## YOUR OBJECTIVE
Only one stretch of the records below should be repeated. It starts with the line containing "monoid_scheme \<Rightarrow> 'g list" and goes on through the line containing "text \<open>Path metric", exactly as written.
Top of DATA SUPPLIED
(* Let $G$ be a finitely generated group and $S$ a finite generating set. Then the Cayley graph $Cay(G,S)$ (equivalently $G$) is quasi-isometric to a tree if and only if there exist $i_0,k,m\in\mathbb{N}$ such that $G$ is $(i_0,k,m)$-chordal with respect to $S$.
   Context: $S^{\pm1}=S\cup S^{-1}\setminus\{e\}$; $Cay(G,S)$ has vertex set $G$, edges $\{g,gs\}$ ($s\in S^{\pm1}$), each edge of length 1. A relation $s_1\cdots s_n=e$ with $n>2$, $s_i\in S^{\pm1}$, is simple if $s_p\cdots s_q=e$ holds exactly when $(p,q)=(1,n)$. $G$ is $(i_0,k,m)$-chordal with respect to $S$ if for every simple relation $s_1\cdots s_n=e$ with $n\ge k$ there exist $1\le i\le i_0$, $i<j\le n$ and $s'_1,\dots,s'_r\in S^{\pm1}$ with $s_i\cdots s_j=s'_1\cdots s'_r$ and $r\le\min\{m,\,j-i,\,n-j+i-2\}$. *)

theory Defs
  imports "HOL-Algebra.Group" "HOL-Algebra.Generated_Groups" Complex_Main
begin

definition sym_gens :: "('g, 'b) monoid_scheme \<Rightarrow> 'g set \<Rightarrow> 'g set" where
  "sym_gens G S = (S \<union> (\<lambda>s. inv\<^bsub>G\<^esub> s) ` S) - {\<one>\<^bsub>G\<^esub>}"

definition word_prod :: "('g, 'b) monoid_scheme \<Rightarrow> 'g list \<Rightarrow> 'g" where
  "word_prod G ws = foldr (\<lambda>a b. a \<otimes>\<^bsub>G\<^esub> b) ws \<one>\<^bsub>G\<^esub>"

text \<open>Subword s_p ... s_q (1-indexed, inclusive).\<close>
definition subword :: "'g list \<Rightarrow> nat \<Rightarrow> nat \<Rightarrow> 'g list" where
  "subword ss p q = take (Suc q - p) (drop (p - 1) ss)"

text \<open>Path metric of Cay(G,S) restricted to the vertex set G (word metric).\<close>
definition cayley_dist :: "('g, 'b) monoid_scheme \<Rightarrow> 'g set \<Rightarrow> 'g \<Rightarrow> 'g \<Rightarrow> nat" where
  "cayley_dist G S g h =
     (LEAST n. \<exists>ws. length ws = n \<and> set ws \<subseteq> sym_gens G S \<and> g \<otimes>\<^bsub>G\<^esub> word_prod G ws = h)"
Bottom of DATA SUPPLIED
## OUTPUT BELOW
definition word_prod :: "('g, 'b) monoid_scheme \<Rightarrow> 'g list \<Rightarrow> 'g" where
  "word_prod G ws = foldr (\<lambda>a b. a \<otimes>\<^bsub>G\<^esub> b) ws \<one>\<^bsub>G\<^esub>"

text \<open>Subword s_p ... s_q (1-indexed, inclusive).\<close>
definition subword :: "'g list \<Rightarrow> nat \<Rightarrow> nat \<Rightarrow> 'g list" where
  "subword ss p q = take (Suc q - p) (drop (p - 1) ss)"

text \<open>Path metric of Cay(G,S) restricted to the vertex set G (word metric).\<close>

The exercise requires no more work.